= Task to carry out =
Go through the records below and tally the lines that include "nobjD". Answer with the number only.

= Input data =

"""

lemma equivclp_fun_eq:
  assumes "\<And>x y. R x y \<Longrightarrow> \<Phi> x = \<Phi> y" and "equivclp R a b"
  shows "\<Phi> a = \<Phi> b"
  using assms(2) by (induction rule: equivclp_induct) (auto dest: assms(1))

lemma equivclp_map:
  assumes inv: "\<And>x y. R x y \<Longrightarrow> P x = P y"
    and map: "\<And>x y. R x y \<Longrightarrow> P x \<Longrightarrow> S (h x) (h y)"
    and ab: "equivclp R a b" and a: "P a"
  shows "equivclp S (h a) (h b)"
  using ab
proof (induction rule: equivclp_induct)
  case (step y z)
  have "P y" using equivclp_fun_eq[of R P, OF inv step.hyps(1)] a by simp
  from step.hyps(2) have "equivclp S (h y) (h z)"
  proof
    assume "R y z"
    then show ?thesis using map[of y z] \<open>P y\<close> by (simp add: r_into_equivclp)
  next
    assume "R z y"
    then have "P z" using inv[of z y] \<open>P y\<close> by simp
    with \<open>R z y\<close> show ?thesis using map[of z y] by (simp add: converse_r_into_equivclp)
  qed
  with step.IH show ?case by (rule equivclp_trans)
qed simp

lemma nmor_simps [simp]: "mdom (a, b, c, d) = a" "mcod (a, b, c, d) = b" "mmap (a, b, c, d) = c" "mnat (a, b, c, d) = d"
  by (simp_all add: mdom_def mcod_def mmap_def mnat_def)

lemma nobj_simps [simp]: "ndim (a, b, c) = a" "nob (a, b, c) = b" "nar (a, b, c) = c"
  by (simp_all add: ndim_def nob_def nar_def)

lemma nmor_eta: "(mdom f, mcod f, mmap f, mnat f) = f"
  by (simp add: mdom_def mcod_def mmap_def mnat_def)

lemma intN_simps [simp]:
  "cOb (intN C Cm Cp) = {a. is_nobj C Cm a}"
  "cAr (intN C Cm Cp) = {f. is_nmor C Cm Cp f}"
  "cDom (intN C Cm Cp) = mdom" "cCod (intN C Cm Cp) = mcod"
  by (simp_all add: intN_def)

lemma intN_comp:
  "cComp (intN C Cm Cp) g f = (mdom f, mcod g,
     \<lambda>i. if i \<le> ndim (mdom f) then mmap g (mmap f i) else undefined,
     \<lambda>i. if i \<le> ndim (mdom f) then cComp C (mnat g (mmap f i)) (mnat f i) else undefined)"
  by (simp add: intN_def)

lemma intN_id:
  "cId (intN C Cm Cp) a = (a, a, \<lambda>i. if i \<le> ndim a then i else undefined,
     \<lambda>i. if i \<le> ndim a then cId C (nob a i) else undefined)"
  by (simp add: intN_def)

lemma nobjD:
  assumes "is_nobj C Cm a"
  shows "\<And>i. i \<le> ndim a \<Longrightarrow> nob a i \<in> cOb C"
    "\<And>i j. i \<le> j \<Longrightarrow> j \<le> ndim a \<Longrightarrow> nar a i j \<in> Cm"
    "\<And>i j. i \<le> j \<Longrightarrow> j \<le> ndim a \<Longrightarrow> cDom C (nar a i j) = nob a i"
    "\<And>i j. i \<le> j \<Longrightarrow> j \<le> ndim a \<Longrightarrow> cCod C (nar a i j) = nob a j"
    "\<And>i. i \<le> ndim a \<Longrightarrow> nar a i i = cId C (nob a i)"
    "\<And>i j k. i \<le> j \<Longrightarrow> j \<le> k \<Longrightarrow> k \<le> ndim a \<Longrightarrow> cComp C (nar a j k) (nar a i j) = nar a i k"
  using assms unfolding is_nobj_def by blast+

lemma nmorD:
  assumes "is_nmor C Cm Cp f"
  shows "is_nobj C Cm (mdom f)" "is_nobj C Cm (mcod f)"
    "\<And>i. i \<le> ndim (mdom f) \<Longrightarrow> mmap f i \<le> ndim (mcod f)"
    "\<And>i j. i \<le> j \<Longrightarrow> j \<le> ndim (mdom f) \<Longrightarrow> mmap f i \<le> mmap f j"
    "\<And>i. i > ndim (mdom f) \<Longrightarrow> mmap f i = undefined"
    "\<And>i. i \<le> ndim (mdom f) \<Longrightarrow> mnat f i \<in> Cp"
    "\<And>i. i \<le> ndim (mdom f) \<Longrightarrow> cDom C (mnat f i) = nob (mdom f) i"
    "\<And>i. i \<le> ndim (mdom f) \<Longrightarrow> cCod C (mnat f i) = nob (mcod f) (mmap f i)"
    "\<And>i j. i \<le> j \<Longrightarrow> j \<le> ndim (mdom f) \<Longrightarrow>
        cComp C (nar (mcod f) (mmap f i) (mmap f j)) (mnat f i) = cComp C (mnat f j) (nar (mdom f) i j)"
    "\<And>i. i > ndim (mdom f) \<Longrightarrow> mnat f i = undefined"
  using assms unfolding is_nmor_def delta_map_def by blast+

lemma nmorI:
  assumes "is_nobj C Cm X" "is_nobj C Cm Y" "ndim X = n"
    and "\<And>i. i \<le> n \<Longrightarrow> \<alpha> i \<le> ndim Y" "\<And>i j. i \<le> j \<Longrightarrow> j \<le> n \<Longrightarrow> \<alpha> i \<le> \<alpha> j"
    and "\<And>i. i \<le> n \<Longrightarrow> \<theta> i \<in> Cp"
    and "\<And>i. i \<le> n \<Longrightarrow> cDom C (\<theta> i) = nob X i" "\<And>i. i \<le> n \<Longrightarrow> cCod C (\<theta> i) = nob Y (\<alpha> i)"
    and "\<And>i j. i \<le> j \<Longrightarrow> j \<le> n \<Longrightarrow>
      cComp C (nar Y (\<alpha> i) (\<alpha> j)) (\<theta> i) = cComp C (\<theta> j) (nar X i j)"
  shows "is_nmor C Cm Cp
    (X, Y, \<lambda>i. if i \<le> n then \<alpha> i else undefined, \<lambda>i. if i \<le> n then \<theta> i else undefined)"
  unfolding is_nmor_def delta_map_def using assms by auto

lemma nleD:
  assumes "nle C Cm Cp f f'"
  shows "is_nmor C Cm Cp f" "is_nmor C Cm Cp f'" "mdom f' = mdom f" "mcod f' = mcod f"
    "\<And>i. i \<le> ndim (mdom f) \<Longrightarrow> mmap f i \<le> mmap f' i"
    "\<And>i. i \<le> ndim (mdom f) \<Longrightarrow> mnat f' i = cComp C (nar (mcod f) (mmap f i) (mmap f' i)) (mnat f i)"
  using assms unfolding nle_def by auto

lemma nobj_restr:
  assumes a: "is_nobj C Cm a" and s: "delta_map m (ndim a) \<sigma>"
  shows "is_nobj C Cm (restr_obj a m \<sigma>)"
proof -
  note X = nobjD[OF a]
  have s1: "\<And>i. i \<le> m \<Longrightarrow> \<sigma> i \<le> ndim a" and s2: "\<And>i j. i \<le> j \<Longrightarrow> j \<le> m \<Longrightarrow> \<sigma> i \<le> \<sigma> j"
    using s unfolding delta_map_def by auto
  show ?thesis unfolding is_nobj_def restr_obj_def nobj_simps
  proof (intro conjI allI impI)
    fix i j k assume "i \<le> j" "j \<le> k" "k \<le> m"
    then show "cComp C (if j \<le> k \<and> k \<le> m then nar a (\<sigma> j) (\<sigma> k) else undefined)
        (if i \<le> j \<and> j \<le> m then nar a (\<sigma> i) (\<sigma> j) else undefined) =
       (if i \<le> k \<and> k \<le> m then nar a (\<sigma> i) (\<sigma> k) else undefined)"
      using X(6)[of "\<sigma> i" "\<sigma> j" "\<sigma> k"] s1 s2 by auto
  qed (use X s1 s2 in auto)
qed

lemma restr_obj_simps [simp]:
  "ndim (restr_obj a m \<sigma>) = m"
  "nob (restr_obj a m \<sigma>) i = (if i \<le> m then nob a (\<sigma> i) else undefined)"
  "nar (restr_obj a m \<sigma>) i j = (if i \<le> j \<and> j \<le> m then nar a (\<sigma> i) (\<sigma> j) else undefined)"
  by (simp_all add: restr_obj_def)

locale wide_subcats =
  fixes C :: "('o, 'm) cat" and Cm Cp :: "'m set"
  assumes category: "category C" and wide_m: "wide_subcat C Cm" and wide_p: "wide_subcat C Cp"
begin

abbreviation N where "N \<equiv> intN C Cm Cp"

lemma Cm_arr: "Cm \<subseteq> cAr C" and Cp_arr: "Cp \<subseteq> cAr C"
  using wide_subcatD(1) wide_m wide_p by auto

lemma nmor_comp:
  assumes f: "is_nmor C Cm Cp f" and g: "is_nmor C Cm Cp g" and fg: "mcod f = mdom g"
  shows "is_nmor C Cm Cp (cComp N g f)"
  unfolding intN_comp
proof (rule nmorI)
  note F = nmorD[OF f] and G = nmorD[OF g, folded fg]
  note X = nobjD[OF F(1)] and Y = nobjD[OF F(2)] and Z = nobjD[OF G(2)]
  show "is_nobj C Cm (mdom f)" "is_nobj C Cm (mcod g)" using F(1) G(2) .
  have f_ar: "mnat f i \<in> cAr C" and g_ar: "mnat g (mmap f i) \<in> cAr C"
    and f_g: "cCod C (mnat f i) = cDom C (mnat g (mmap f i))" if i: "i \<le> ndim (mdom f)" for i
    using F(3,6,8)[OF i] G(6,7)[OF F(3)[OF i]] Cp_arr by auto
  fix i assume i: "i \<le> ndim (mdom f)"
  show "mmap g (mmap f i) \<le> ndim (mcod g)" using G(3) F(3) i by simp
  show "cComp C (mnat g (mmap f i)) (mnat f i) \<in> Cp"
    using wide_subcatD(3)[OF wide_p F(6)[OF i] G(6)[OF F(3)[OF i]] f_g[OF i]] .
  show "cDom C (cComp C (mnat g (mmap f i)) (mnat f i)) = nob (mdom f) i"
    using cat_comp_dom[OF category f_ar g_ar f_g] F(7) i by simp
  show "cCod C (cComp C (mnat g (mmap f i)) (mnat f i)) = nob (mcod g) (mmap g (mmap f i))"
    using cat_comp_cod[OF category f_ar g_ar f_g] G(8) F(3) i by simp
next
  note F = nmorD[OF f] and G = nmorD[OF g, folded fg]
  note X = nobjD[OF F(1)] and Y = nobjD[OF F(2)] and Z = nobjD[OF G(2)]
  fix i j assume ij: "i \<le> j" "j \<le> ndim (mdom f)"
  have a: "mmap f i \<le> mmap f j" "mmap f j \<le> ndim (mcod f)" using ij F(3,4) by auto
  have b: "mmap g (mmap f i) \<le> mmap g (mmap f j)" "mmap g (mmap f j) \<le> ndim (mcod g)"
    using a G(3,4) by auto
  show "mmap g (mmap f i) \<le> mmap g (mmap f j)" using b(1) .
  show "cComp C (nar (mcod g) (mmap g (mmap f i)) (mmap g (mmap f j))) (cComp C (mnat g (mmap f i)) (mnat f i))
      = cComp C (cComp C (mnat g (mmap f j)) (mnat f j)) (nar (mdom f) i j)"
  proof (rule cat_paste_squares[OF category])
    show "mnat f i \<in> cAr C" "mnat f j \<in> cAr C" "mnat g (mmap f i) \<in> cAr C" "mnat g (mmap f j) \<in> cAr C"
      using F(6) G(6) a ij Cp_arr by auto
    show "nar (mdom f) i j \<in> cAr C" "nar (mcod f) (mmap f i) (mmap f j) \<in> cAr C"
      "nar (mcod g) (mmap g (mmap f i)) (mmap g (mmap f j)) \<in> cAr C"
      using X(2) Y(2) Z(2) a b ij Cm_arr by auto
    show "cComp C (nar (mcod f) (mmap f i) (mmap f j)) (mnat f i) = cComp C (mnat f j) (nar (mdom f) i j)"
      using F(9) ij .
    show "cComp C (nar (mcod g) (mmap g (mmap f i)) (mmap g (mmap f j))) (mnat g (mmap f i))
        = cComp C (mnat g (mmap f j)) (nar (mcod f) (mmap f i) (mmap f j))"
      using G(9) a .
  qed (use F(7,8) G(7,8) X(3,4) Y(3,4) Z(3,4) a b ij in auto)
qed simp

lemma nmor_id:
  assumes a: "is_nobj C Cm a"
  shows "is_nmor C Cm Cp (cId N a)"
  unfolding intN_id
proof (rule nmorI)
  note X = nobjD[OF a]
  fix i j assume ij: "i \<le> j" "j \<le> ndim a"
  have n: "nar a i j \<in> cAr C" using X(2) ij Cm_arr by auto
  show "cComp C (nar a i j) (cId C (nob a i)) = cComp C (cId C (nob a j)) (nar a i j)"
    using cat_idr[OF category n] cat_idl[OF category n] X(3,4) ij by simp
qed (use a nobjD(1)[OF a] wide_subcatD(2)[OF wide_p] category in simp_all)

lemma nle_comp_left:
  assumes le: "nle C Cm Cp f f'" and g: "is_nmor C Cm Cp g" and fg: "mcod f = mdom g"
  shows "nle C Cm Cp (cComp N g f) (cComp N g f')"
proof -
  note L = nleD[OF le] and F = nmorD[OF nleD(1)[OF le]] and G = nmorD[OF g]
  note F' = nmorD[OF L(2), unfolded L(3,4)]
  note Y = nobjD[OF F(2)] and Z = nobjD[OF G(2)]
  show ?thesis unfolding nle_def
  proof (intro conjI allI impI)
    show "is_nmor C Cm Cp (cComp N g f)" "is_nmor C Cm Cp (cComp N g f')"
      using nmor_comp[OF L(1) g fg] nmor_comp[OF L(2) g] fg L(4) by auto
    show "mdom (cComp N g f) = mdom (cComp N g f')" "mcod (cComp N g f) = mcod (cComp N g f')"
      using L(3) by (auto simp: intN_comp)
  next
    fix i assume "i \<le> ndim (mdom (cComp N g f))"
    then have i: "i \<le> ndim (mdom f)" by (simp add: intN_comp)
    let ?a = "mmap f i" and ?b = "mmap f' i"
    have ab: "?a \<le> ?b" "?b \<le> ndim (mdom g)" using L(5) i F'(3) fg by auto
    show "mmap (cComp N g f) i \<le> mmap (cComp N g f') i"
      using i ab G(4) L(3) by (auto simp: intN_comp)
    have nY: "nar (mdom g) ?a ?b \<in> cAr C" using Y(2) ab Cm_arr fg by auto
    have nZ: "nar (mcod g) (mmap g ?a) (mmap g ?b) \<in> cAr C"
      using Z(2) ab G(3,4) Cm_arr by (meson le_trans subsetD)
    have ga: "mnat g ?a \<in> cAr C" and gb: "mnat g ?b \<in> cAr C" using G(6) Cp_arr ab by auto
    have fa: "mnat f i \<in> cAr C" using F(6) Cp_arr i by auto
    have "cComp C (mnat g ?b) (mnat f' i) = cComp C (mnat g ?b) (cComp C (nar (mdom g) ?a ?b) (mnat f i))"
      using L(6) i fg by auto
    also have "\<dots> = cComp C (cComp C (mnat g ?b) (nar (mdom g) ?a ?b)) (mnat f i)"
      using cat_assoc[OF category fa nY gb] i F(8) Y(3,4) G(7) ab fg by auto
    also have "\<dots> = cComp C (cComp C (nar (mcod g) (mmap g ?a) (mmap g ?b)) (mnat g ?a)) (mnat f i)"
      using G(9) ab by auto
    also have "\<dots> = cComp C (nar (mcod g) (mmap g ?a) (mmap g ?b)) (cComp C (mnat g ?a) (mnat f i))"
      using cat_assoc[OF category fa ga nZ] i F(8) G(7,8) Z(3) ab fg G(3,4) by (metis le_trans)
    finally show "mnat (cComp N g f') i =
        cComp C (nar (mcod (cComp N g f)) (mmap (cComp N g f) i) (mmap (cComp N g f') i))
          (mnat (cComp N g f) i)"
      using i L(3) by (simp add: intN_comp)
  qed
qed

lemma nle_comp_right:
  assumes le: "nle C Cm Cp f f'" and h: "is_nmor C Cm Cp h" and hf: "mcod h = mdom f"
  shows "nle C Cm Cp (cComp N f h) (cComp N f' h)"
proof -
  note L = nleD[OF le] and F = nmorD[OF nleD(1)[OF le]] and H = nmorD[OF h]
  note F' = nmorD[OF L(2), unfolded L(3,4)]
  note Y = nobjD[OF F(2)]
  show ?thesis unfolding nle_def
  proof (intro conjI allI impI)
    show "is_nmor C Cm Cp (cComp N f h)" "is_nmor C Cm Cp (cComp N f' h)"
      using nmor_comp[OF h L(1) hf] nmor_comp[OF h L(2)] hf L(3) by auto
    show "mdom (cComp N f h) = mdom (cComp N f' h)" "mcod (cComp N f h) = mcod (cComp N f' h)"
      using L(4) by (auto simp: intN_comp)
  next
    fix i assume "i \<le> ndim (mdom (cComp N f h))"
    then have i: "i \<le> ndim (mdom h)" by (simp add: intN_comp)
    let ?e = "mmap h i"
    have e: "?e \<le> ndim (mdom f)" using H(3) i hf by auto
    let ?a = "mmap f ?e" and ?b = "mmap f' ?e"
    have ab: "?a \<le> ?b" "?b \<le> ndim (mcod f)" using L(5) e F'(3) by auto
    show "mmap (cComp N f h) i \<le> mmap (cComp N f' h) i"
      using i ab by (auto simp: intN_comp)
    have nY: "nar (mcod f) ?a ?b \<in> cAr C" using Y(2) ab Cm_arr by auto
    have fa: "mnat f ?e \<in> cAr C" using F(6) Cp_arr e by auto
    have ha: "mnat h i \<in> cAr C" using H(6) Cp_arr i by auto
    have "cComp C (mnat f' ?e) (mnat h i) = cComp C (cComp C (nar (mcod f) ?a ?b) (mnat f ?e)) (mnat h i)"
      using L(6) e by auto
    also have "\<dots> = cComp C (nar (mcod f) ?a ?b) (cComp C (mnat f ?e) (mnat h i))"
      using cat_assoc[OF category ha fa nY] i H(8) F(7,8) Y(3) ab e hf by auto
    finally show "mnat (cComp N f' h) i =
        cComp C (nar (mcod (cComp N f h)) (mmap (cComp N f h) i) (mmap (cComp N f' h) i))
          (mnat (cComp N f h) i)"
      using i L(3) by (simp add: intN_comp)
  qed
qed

"""

= Response =
8